Exercise objective — Repeat exactly, and only, the lines of the entries below from the one with "share their mate, some" through the one with "section \<open>The trees T k\<close>", both ends included.

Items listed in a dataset
(* Let $k\ge 1$, let $A_k$ be a $k$-atom and let $s$ be a seed of $A_k$. Then the tree $T_k$ is (isomorphic to) a subgraph of the path tree of $(A_k,s)$, and $T_k$ is equal to (isomorphic to) this path tree if and only if $A_k$ is isomorphic to $T_k$.
   Context: $k$-atoms are defined recursively: $K_1$ is the only $1$-atom (its vertex is its seed). A graph $H$ is a $(k+1)$-atom if its vertices can be partitioned into an independent set $I$ and a set inducing a $k$-atom $A_k$ such that each vertex of $A_k$ has exactly one neighbor in $I$ and each vertex of $I$ has at least one neighbor in $A_k$; a seed of $H$ is a seed of $A_k$ (i.e. a vertex that can serve as the initial vertex of the recursive construction). For each $k$ there is a unique $k$-atom that is a tree, denoted $T_k$ (it has $2^{k-1}$ vertices; $T_{k+1}$ is obtained from $T_k$ by attaching one new pendant vertex to each vertex). The path tree of $(G,u)$ is the rooted tree whose vertices are the paths in $G$ starting at $u$ (the root being the path of length $0$), two such paths being adjacent iff one is obtained from the other by appending one edge at its end. *)

theory Defs
  imports Main
begin

type_synonym 'a graph = "'a set \<times> 'a set set"

abbreviation verts :: "'a graph \<Rightarrow> 'a set" where "verts G \<equiv> fst G"
abbreviation edges :: "'a graph \<Rightarrow> 'a set set" where "edges G \<equiv> snd G"

definition wf_graph :: "'a graph \<Rightarrow> bool" where
  "wf_graph G \<longleftrightarrow> finite (verts G) \<and>
     (\<forall>e\<in>edges G. \<exists>u v. e = {u, v} \<and> u \<noteq> v \<and> u \<in> verts G \<and> v \<in> verts G)"

definition adj :: "'a graph \<Rightarrow> 'a \<Rightarrow> 'a \<Rightarrow> bool" where
  "adj G u v \<longleftrightarrow> u \<noteq> v \<and> {u, v} \<in> edges G"

definition induced :: "'a graph \<Rightarrow> 'a set \<Rightarrow> 'a graph" where
  "induced G S = (S, {e \<in> edges G. e \<subseteq> S})"

definition graph_iso :: "'a graph \<Rightarrow> 'b graph \<Rightarrow> bool" where
  "graph_iso G H \<longleftrightarrow> (\<exists>f. bij_betw f (verts G) (verts H) \<and>
     (\<forall>u\<in>verts G. \<forall>v\<in>verts G. {u, v} \<in> edges G \<longleftrightarrow> {f u, f v} \<in> edges H))"

definition subgraph_iso :: "'a graph \<Rightarrow> 'b graph \<Rightarrow> bool" where
  "subgraph_iso G H \<longleftrightarrow> (\<exists>f. inj_on f (verts G) \<and> f ` verts G \<subseteq> verts H \<and>
     (\<forall>u\<in>verts G. \<forall>v\<in>verts G. {u, v} \<in> edges G \<longrightarrow> {f u, f v} \<in> edges H))"

inductive atom :: "nat \<Rightarrow> 'a graph \<Rightarrow> 'a \<Rightarrow> bool" where
  base: "atom 1 ({s}, {}) s"
| step: "\<lbrakk> wf_graph H; atom k A s; verts A \<subseteq> verts H; A = induced H (verts A);
           \<forall>x\<in>verts H - verts A. \<forall>y\<in>verts H - verts A. \<not> adj H x y;
           \<forall>x\<in>verts A. \<exists>!i. i \<in> verts H - verts A \<and> adj H x i;
           \<forall>i\<in>verts H - verts A. \<exists>x\<in>verts A. adj H x i \<rbrakk>
         \<Longrightarrow> atom (Suc k) H s"

text \<open>The tree T_k on vertex set {0..<2^(k-1)}: T_1 = K_1 and T_(k+1) is obtained
  from T_k by attaching a new pendant vertex v + 2^(k-1) to each vertex v.\<close>
fun T :: "nat \<Rightarrow> nat graph" where
  "T 0 = ({}, {})"
| "T (Suc 0) = ({0}, {})"
| "T (Suc (Suc n)) =
     (verts (T (Suc n)) \<union> (\<lambda>v. v + 2 ^ n) ` verts (T (Suc n)),
      edges (T (Suc n)) \<union> {{v, v + 2 ^ n} | v. v \<in> verts (T (Suc n))})"

definition is_path :: "'a graph \<Rightarrow> 'a list \<Rightarrow> bool" where
  "is_path G p \<longleftrightarrow> p \<noteq> [] \<and> distinct p \<and> set p \<subseteq> verts G \<and>
     (\<forall>i. Suc i < length p \<longrightarrow> adj G (p ! i) (p ! Suc i))"

definition path_tree :: "'a graph \<Rightarrow> 'a \<Rightarrow> 'a list graph" where
  "path_tree G u =
     ({p. is_path G p \<and> hd p = u},
      {{p, p @ [v]} | p v. is_path G p \<and> hd p = u \<and> is_path G (p @ [v])})"

end

theory Submission
  imports Defs
begin

text \<open>Passing from a k-atom A to the
  (k+1)-atom H, every vertex x of A receives its unique neighbour mate x in I, so
  |H| = |A| + |I| \<le> 2|A|, with equality iff mate is injective, i.e. iff every vertex of I is a
  leaf of H; in that case H arises from A exactly as T (k+1) arises from T k. Likewise every
  path p of A from s extends by the edge to mate (last p), so the path tree of H contains
  that of A with a pendant vertex attached to each node: T (k+1) embeds into it and it has
  at least twice as many vertices, again with equality iff mate is injective (if two vertices
  share their mate, some path passes through that mate and returns to A). Hence
  |A| \<le> 2^(k-1) \<le> |path_tree A s|, and either equality forces mate to have been injective at
  every step, which makes both A and its path tree isomorphic to T k.\<close>

section \<open>The trees T k\<close>

lemma verts_T: "k \<ge> 1 \<Longrightarrow> verts (T k) = {0..<2 ^ (k - 1)}"
proof (induction k rule: T.induct)
  case (3 m)
  have "{0..<(2::nat) ^ m} \<union> (\<lambda>v. v + 2 ^ m) ` {0..<2 ^ m} = {0..<2 ^ Suc m}"
  proof (rule set_eqI, rule iffI)
    fix x :: nat assume "x \<in> {0..<2 ^ Suc m}"
    then show "x \<in> {0..<(2::nat) ^ m} \<union> (\<lambda>v. v + 2 ^ m) ` {0..<2 ^ m}"
      by (cases "x < 2 ^ m") (auto intro!: image_eqI[where x = "x - 2 ^ m"])
  qed auto
  then show ?case using 3 by (cases m) auto
qed auto

lemma card_verts_T: "k \<ge> 1 \<Longrightarrow> card (verts (T k)) = 2 ^ (k - 1)"
  by (simp add: verts_T)

lemma two_power_Suc_pred: "k \<ge> 1 \<Longrightarrow> (2::nat) ^ (Suc k - 1) = 2 * 2 ^ (k - 1)"
  by (cases k) auto

lemma verts_T_Suc: "k \<ge> 1 \<Longrightarrow> verts (T (Suc k)) = {0..<2 * 2 ^ (k - 1)}"
  using verts_T[of "Suc k"] by (cases k) auto

lemma edges_T_bounded: "{u, v} \<in> edges (T k) \<Longrightarrow> u < 2 ^ (k - 1) \<and> v < 2 ^ (k - 1)"
proof (induction k arbitrary: u v rule: T.induct)
  case (3 m)
  have "(2::nat) ^ m < 2 ^ Suc m" by simp
  then have "u < 2 ^ Suc m \<and> v < 2 ^ Suc m" if "{u, v} \<in> edges (T (Suc m))" for u v
    using 3(1)[OF that] by (metis diff_Suc_1 less_trans)
  then show ?case using 3 verts_T[of "Suc m"] by (auto simp: doubleton_eq_iff)
qed auto

lemma edges_T_Suc:
  "k \<ge> 1 \<Longrightarrow> edges (T (Suc k)) = edges (T k) \<union> {{v, v + 2 ^ (k - 1)} | v. v < 2 ^ (k - 1)}"
  by (cases k) (auto simp: verts_T[of "Suc _", simplified])

context
  fixes k n :: nat
  assumes k: "k \<ge> 1" and n: "n = 2 ^ (k - 1)"
begin

lemma edge_T_Suc_low: "u < n \<Longrightarrow> v < n \<Longrightarrow> {u, v} \<in> edges (T (Suc k)) \<longleftrightarrow> {u, v} \<in> edges (T k)"
  using edges_T_Suc[OF k] n by (auto simp: doubleton_eq_iff)

lemma edge_T_Suc_cross: "u < n \<Longrightarrow> v < n \<Longrightarrow> {u, v + n} \<in> edges (T (Suc k)) \<longleftrightarrow> u = v"
  using edges_T_Suc[OF k] edges_T_bounded[of u "v + n" k] n by (auto simp: doubleton_eq_iff)

lemma edge_T_Suc_high: "u < n \<Longrightarrow> v < n \<Longrightarrow> {u + n, v + n} \<notin> edges (T (Suc k))"
  using edges_T_Suc[OF k] edges_T_bounded[of "u + n" "v + n" k] n by (auto simp: doubleton_eq_iff)

end

lemma edges_T_Suc_cases [consumes 3, case_names old pendant_up pendant_down]:
  assumes "k \<ge> 1" "n = 2 ^ (k - 1)" "{u, v} \<in> edges (T (Suc k))"
  obtains "u < n" "v < n" "{u, v} \<in> edges (T k)" | "u < n" "v = u + n" | "v < n" "u = v + n"
  using assms edges_T_Suc edges_T_bounded[of u v k] by (auto simp: doubleton_eq_iff)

Task response —
  share their mate, some path passes through that mate and returns to A). Hence
  |A| \<le> 2^(k-1) \<le> |path_tree A s|, and either equality forces mate to have been injective at
  every step, which makes both A and its path tree isomorphic to T k.\<close>

section \<open>The trees T k\<close>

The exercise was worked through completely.